Première étudiante de doctorat supervisée par le professeur Yoshua Bengio au début des années 1990, Joumana Ghosn est aujourd’hui directrice principale de l’équipe de recherche appliquée de Mila et membre de l'équipe de direction de l’Institut. Discussion avec une pionnière de l’apprentissage automatique qui dédie son quotidien à faire avancer l’intelligence artificielle (IA) au service des entreprises.
Comment a débuté votre parcours dans le domaine de l’apprentissage automatique?
Joumana Ghosn : J’ai rencontré Yoshua alors que j’étais étudiante à la maîtrise en informatique à l’Université de Montréal et qu’il y débutait sa carrière de professeur. Je me spécialisais alors surtout en vision par ordinateur et il m’a proposé un projet qui m'emmenait essentiellement à bifurquer vers l’apprentissage automatique. Je suis alors passée directement au doctorat sous sa supervision. Nous étions trois dans son laboratoire et j’étais la toute première femme de l’équipe; nous étions peu de femmes à l’époque en général en informatique… on en comptait une poignée avec moi durant mon premier cycle. Cependant, je n’ai jamais senti que ce facteur entraînait des biais à mon égard ou qu’il limitait ma progression. Yoshua a toujours été quelqu’un de foncièrement juste et respectueux. C’est pourquoi je travaille encore avec lui aujourd’hui!
Comment qualifiez-vous la place des femmes dans le domaine des technologies et de l’IA?
JG : Je dirais qu’il y a du travail à faire pour voir davantage de femmes dans le milieu. Dès le début de ma carrière, nous étions peu de femmes, autant dans les laboratoires de recherche que dans les entreprises dans lesquelles j'ai œuvré. J’ai travaillé pour une startup et nous étions tout au plus quatre femmes sur la quinzaine d’employés. J’ai ensuite dirigé des équipes lors de mon passage pour l’entreprise technologique Nuance et j’étais gestionnaire, mais je dirigeais uniquement des hommes. Aujourd’hui, dans l’équipe de recherche appliquée de Mila, nous avons réussi à recruter quelques femmes, mais nous n'avons pas encore atteint la parité. Notre équipe est encore surprise lorsqu’elle reçoit un CV en provenance d’une scientifique en IA. Je constate une certaine évolution, mais force est de constater qu'elle s'opère lentement.
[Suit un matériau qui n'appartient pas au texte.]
(* Let $n\ge 1$, let $G=P_n$ be the path with vertex set $\{1,\dots,n\}$ and edges $\{i,i+1\}$ for $1\le i<n$, and let $C\subseteq V(G)$ be such that no vertex of $V(G)\setminus C$ is isolated. Let $m_1=n-\delta_1+1$, where $\delta_1=\min_{v\in V(G)}|N\langle v\rangle|$. If $\{1,n\}\subseteq C$ or $C$ is a good configuration for $G$, then $\gamma_{\rm gr}(G;C)=m_1$; otherwise $\gamma_{\rm gr}(G;C)=m_1-1$.
   Context: $N\langle v\rangle = N[v]$ (closed neighborhood) if $v\in C$ and $N\langle v\rangle=N(v)$ (open neighborhood) if $v\notin C$. A sequence $(v_1,\dots,v_k)$ of distinct vertices is legal if $N\langle v_i\rangle\setminus\bigcup_{j<i}N\langle v_j\rangle\neq\emptyset$ for all $i\ge 2$, and dominating if $\bigcup_j N\langle v_j\rangle=V$; $\gamma_{\rm gr}(G;C)$ is the maximum length of a legal dominating sequence. Good configuration (defined for a path with vertices $a_1,\dots,a_n$ in order, applied to $C\cap\{a_1,\dots,a_n\}$; isolated vertices outside $C$ are allowed in this definition): $C$ is a good configuration for the path if (i) $n=1$ and $a_1\in C$; or (ii) $n=2$ and $\{a_1,a_2\}\not\subseteq C$; or (iii) $n\ge 3$ and either $a_1\notin C$ and $C$ is a good configuration for the subpath $(a_3,\dots,a_n)$, or $a_n\notin C$ and $C$ is a good configuration for the subpath $(a_1,\dots,a_{n-2})$. *)

theory Defs
  imports Main
begin

definition path_verts :: "nat \<Rightarrow> nat set" where
  "path_verts n = {1..n}"

definition path_adj :: "nat \<Rightarrow> nat \<Rightarrow> nat \<Rightarrow> bool" where
  "path_adj n u v \<longleftrightarrow> u \<in> {1..n} \<and> v \<in> {1..n} \<and> (u = v + 1 \<or> v = u + 1)"

definition open_nbhd :: "nat \<Rightarrow> nat \<Rightarrow> nat set" where
  "open_nbhd n v = {u. path_adj n v u}"

definition cnbhd :: "nat \<Rightarrow> nat set \<Rightarrow> nat \<Rightarrow> nat set" where
  "cnbhd n C v = (if v \<in> C then insert v (open_nbhd n v) else open_nbhd n v)"

definition legal_seq :: "nat \<Rightarrow> nat set \<Rightarrow> nat list \<Rightarrow> bool" where
  "legal_seq n C vs \<longleftrightarrow> distinct vs \<and> set vs \<subseteq> path_verts n \<and>
     (\<forall>i. 1 \<le> i \<and> i < length vs \<longrightarrow>
        cnbhd n C (vs ! i) - (\<Union>j<i. cnbhd n C (vs ! j)) \<noteq> {})"

definition dominating_seq :: "nat \<Rightarrow> nat set \<Rightarrow> nat list \<Rightarrow> bool" where
  "dominating_seq n C vs \<longleftrightarrow> (\<Union>v\<in>set vs. cnbhd n C v) = path_verts n"

definition gamma_gr :: "nat \<Rightarrow> nat set \<Rightarrow> nat" where
  "gamma_gr n C = Max {length vs | vs. legal_seq n C vs \<and> dominating_seq n C vs}"

text \<open>Good configuration for the subpath with vertices a, a+1, ..., a+len-1.\<close>
fun good_config :: "nat set \<Rightarrow> nat \<Rightarrow> nat \<Rightarrow> bool" where
  "good_config C a 0 = False"
| "good_config C a (Suc 0) = (a \<in> C)"
| "good_config C a (Suc (Suc 0)) = (\<not> {a, a + 1} \<subseteq> C)"
| "good_config C a (Suc (Suc (Suc k))) =
     ((a \<notin> C \<and> good_config C (a + 2) (Suc k)) \<or>
      (a + k + 2 \<notin> C \<and> good_config C a (Suc k)))"

end

theory Submission
  imports Defs
begin

text \<open>
  Every vertex of a legal sequence after the first footprints at least one new vertex, and the
  first one footprints at least \<open>\<delta>\<^sub>1\<close> vertices, so \<open>\<gamma>\<^sub>g\<^sub>r \<le> n + 1 - \<delta>\<^sub>1\<close>.
  Conversely \<open>1, \<dots>, n - 1\<close> is legal (vertex \<open>i\<close> footprints \<open>i + 1\<close>) and extends
  greedily to a dominating sequence, so \<open>\<gamma>\<^sub>g\<^sub>r \<ge> n - 1\<close>. If \<open>{1, n} \<subseteq> C\<close> and
  \<open>n \<ge> 2\<close>, then \<open>\<delta>\<^sub>1 = 2\<close> and the bounds meet; otherwise \<open>\<delta>\<^sub>1 = 1\<close> and the question
  is whether all \<open>n\<close> vertices can be put in a legal order. In such an order, the vertex
  footprinted only by the last vertex is an endpoint outside \<open>C\<close> and the last vertex is its
  neighbour; deleting both leaves a legal order of the path shortened by two at that end, and
  conversely a legal order of the shortened path extends by putting the endpoint first and its
  neighbour last. This is exactly the recursion defining good configurations.
\<close>

section \<open>Legal sequences relative to a dominated set\<close>

text \<open>\<open>S\<close> is the set already dominated before \<open>vs\<close> starts.\<close>

fun legal_from :: "('a \<Rightarrow> 'b set) \<Rightarrow> 'b set \<Rightarrow> 'a list \<Rightarrow> bool" where
  "legal_from N S [] = True"
| "legal_from N S (v # vs) \<longleftrightarrow> \<not> N v \<subseteq> S \<and> legal_from N (S \<union> N v) vs"

lemma legal_from_append:
  "legal_from N S (xs @ ys) \<longleftrightarrow> legal_from N S xs \<and> legal_from N (S \<union> \<Union>(N ` set xs)) ys"
  by (induction xs arbitrary: S) (auto simp: Un_assoc)

lemma legal_from_conv_nth:
  "legal_from N S xs \<longleftrightarrow> (\<forall>i<length xs. N (xs ! i) - (S \<union> (\<Union>j<i. N (xs ! j))) \<noteq> {})"
proof (induction xs arbitrary: S)
  case (Cons v xs)
  have "(\<Union>j<Suc i. N ((v # xs) ! j)) = N v \<union> (\<Union>j<i. N (xs ! j))" for i
    by (auto simp: lessThan_Suc_eq_insert_0)
  then show ?case
    by (simp add: Cons.IH All_less_Suc2 Un_assoc del: UN_simps)
qed simp

lemma legal_from_distinct: "legal_from N S xs \<Longrightarrow> distinct xs"
  by (induction xs arbitrary: S) (auto simp: legal_from_append dest!: split_list)

lemma legal_from_cong:
  "(\<And>v. v \<in> set xs \<Longrightarrow> N v = N' v) \<Longrightarrow> legal_from N S xs = legal_from N' S xs"
  by (induction xs arbitrary: S) auto

lemma legal_from_card:
  assumes "legal_from N S xs" "finite S" "\<And>v. v \<in> set xs \<Longrightarrow> finite (N v)"
  shows "card S + length xs \<le> card (S \<union> \<Union>(N ` set xs))"
  using assms
proof (induction xs arbitrary: S)
  case (Cons v xs)
  have "card S < card (S \<union> N v)"
    using Cons.prems by (intro psubset_card_mono) auto
  moreover have "card (S \<union> N v) + length xs \<le> card (S \<union> N v \<union> \<Union>(N ` set xs))"
    using Cons.IH[of "S \<union> N v"] Cons.prems by auto
  ultimately show ?case by (simp add: Un_assoc)
qed simp

lemma legal_from_lift:
  assumes "legal_from N' S' xs" "\<And>v. v \<in> set xs \<Longrightarrow> N v \<inter> I = N' v" "S \<inter> I \<subseteq> S'"
  shows "legal_from N S xs"
  using assms
proof (induction xs arbitrary: S S')
  case (Cons v xs)
  have "\<not> N v \<subseteq> S" using Cons.prems by auto
  moreover have "legal_from N (S \<union> N v) xs"
    using Cons.IH[of "S' \<union> N' v" "S \<union> N v"] Cons.prems by auto
  ultimately show ?case by simp
qed simp

lemma legal_from_restrict:
  assumes "legal_from N S xs" "\<And>v. v \<in> set xs \<Longrightarrow> N v \<subseteq> I \<union> S \<and> N' v = N v \<inter> I"
  shows "legal_from N' (S \<inter> I) xs"
  using assms
proof (induction xs arbitrary: S)
  case (Cons v xs)
  have "\<not> N' v \<subseteq> S \<inter> I" using Cons.prems by auto
  moreover have "(S \<union> N v) \<inter> I = S \<inter> I \<union> N' v" using Cons.prems by auto
  ultimately show ?case using Cons.IH[of "S \<union> N v"] Cons.prems by auto
qed simp

lemma legal_from_add_pendant:
  assumes "legal_from N' {} vs" "N e = {f}" "e \<in> N f" "e \<noteq> f" "f \<notin> I"
    and "\<And>v. v \<in> set vs \<Longrightarrow> N v \<inter> I = N' v \<and> e \<notin> N v"
  shows "legal_from N {} (e # vs @ [f])"
proof -
  have "legal_from N {f} vs"
    using assms by (intro legal_from_lift[of N' "{}" vs N I]) auto
  then show ?thesis using assms by (auto simp: legal_from_append)
qed

lemma legal_from_delete_pendant:
  assumes "legal_from N {} (p @ e # q)" "N e = {f}" "f \<notin> I"
    and "\<And>v. v \<in> set (p @ q) \<Longrightarrow> N v \<subseteq> insert f I \<and> N' v = N v \<inter> I"
  shows "legal_from N' {} (p @ q)"
proof -
  let ?S = "\<Union>(N ` set p)"
  have p: "legal_from N {} p" and f: "f \<notin> ?S" and q: "legal_from N (?S \<union> {f}) q"
    using assms(1,2) by (auto simp: legal_from_append)
  have "legal_from N' ({} \<inter> I) p"
    using p f assms(4) by (intro legal_from_restrict) auto
  moreover have "legal_from N' ((?S \<union> {f}) \<inter> I) q"
    using q assms(4) by (intro legal_from_restrict) auto
  moreover have "(?S \<union> {f}) \<inter> I = \<Union>(N' ` set p)"
    using f assms(3,4) by auto
  ultimately show ?thesis by (simp add: legal_from_append)
qed

section \<open>Legal orderings of a subpath and good configurations\<close>

text \<open>\<open>N\<langle>v\<rangle>\<close> in the subpath \<open>a, \<dots>, b\<close>; meaningful only for \<open>v \<in> {a..b}\<close>.\<close>

definition seg_nbhd :: "nat set \<Rightarrow> nat \<Rightarrow> nat \<Rightarrow> nat \<Rightarrow> nat set" where
  "seg_nbhd C a b v = {u. a \<le> u \<and> u \<le> b \<and> (u = v + 1 \<or> v = u + 1 \<or> (u = v \<and> v \<in> C))}"

lemma seg_nbhd_subset: "seg_nbhd C a b v \<subseteq> {a..b}"
  by (auto simp: seg_nbhd_def)

lemma seg_nbhd_restrict:
  "a \<le> a' \<Longrightarrow> b' \<le> b \<Longrightarrow> seg_nbhd C a' b' v = seg_nbhd C a b v \<inter> {a'..b'}"
  by (auto simp: seg_nbhd_def)

lemma cnbhd_eq_seg_nbhd:
  "C \<subseteq> {1..n} \<Longrightarrow> v \<in> {1..n} \<Longrightarrow> cnbhd n C v = seg_nbhd C 1 n v"
  by (auto simp: cnbhd_def open_nbhd_def path_adj_def seg_nbhd_def)

definition legal_ordering :: "nat set \<Rightarrow> nat \<Rightarrow> nat \<Rightarrow> nat list \<Rightarrow> bool" where
  "legal_ordering C a b vs \<longleftrightarrow> set vs = {a..b} \<and> legal_from (seg_nbhd C a b) {} vs"

lemma legal_ordering_distinct: "legal_ordering C a b vs \<Longrightarrow> distinct vs"
  by (auto simp: legal_ordering_def intro: legal_from_distinct)

lemma legal_ordering_extend_left:
  assumes "legal_ordering C (a + 2) b vs" "a \<notin> C" "a + 2 \<le> b"
  shows "legal_ordering C a b (a # vs @ [a + 1])"
proof -
  have "legal_from (seg_nbhd C a b) {} (a # vs @ [a + 1])"
  proof (rule legal_from_add_pendant[where N' = "seg_nbhd C (a + 2) b" and I = "{a + 2..b}"])
    show "legal_from (seg_nbhd C (a + 2) b) {} vs" using assms(1) by (simp add: legal_ordering_def)
    show "seg_nbhd C a b a = {a + 1}" using assms(2,3) by (auto simp: seg_nbhd_def)
    fix v assume "v \<in> set vs"
    then have "a + 2 \<le> v" using assms(1) by (auto simp: legal_ordering_def)
    then show "seg_nbhd C a b v \<inter> {a + 2..b} = seg_nbhd C (a + 2) b v \<and> a \<notin> seg_nbhd C a b v"
      by (auto simp: seg_nbhd_restrict[of a] seg_nbhd_def)
  qed (use assms(3) in \<open>auto simp: seg_nbhd_def\<close>)
  moreover have "{a..b} = insert a (insert (a + 1) {a + 2..b})" using assms(3) by auto
  ultimately show ?thesis using assms(1) by (simp add: legal_ordering_def)
qed

lemma legal_ordering_extend_right:
  assumes "legal_ordering C a (b - 2) vs" "b \<notin> C" "a + 2 \<le> b"
  shows "legal_ordering C a b (b # vs @ [b - 1])"
proof -
  have "legal_from (seg_nbhd C a b) {} (b # vs @ [b - 1])"
  proof (rule legal_from_add_pendant[where N' = "seg_nbhd C a (b - 2)" and I = "{a..b - 2}"])
    show "legal_from (seg_nbhd C a (b - 2)) {} vs" using assms(1) by (simp add: legal_ordering_def)
    show "seg_nbhd C a b b = {b - 1}" using assms(2,3) by (auto simp: seg_nbhd_def)
    fix v assume "v \<in> set vs"
    then have "v + 2 \<le> b" using assms(1,3) by (auto simp: legal_ordering_def)
    then show "seg_nbhd C a b v \<inter> {a..b - 2} = seg_nbhd C a (b - 2) v \<and> b \<notin> seg_nbhd C a b v"
      by (auto simp: seg_nbhd_restrict[of a a "b - 2" b] seg_nbhd_def)
  qed (use assms(3) in \<open>auto simp: seg_nbhd_def\<close>)
  moreover have "{a..b} = insert b (insert (b - 1) {a..b - 2})" using assms(3) by auto
  ultimately show ?thesis using assms(1) by (simp add: legal_ordering_def)
qed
Ce constat s’applique aussi aux postes de gestion. Je crois que le domaine des technologies a évolué à cet effet : on voit de plus en plus de femmes gestionnaires et dirigeantes d’entreprises et d’organisations. Il reste toutefois du travail à accomplir pour que ce soit aussi vrai pour la gestion au niveau des équipes scientifiques.
Les constats sur la faible représentation des femmes dans les domaines des technologies et de la recherche en IA sont les mêmes depuis plusieurs années. Quelles sont les pistes de solutions selon-vous pour combler cet écart et intéresser les femmes à des carrières en IA?
JG : Je vois essentiellement deux défis : celui de l’éducation de nos jeunes filles et celui de la prise de risque et de l’affirmation par les femmes dans le milieu du travail.
Dans le cadre de mes fonctions, j’ai été appelée à participer à des foires de carrières au cours des dernières années. J’y ai constaté que peu de filles étaient intéressées par les kiosques présentant les sciences pures alors qu’elles étaient très nombreuses à se diriger vers les kiosques de sciences humaines ou de sciences de la santé. On a beaucoup associé l’informatique et les technologies à des secteurs dans lesquels les hommes pouvaient s’émanciper, entreprendre et se développer. Or, c’est tout aussi vrai pour les femmes et nous avons du travail à accomplir pour le démontrer à nos jeunes afin qu’elles optent pour ce choix de carrière et qu’elles réalisent les possibilités qui s'offrent à elles.
Finalement, je crois que les femmes doivent avoir confiance en leurs capacités à progresser au sein d'une organisation. Lorsque je repense à mon parcours, je constate que j’ai eu la chance d’occuper des postes de gestion qui m’intéressaient et qui étaient à la hauteur de mes capacités. Je réalise toutefois que je n’ai jamais sollicité mes promotions. Elles se sont présentées à moi et j’ai été satisfaite de ces avancements, mais je réalise que j’aurais pu m’affirmer davantage. Je crois que plusieurs femmes ont le même réflexe que moi et hésitent à parler de leurs ambitions et attendent qu’on leur proposent des possibilités d’avancement. Nous devons apprendre aux femmes à prendre davantage de risques calculés, notamment pour se mettre en valeur professionnellement. Se battre pour avoir de meilleures conditions professionnelles, c’est une valeur qu’on inculque aux hommes très tôt dans leur vie, on devrait faire de même pour les femmes.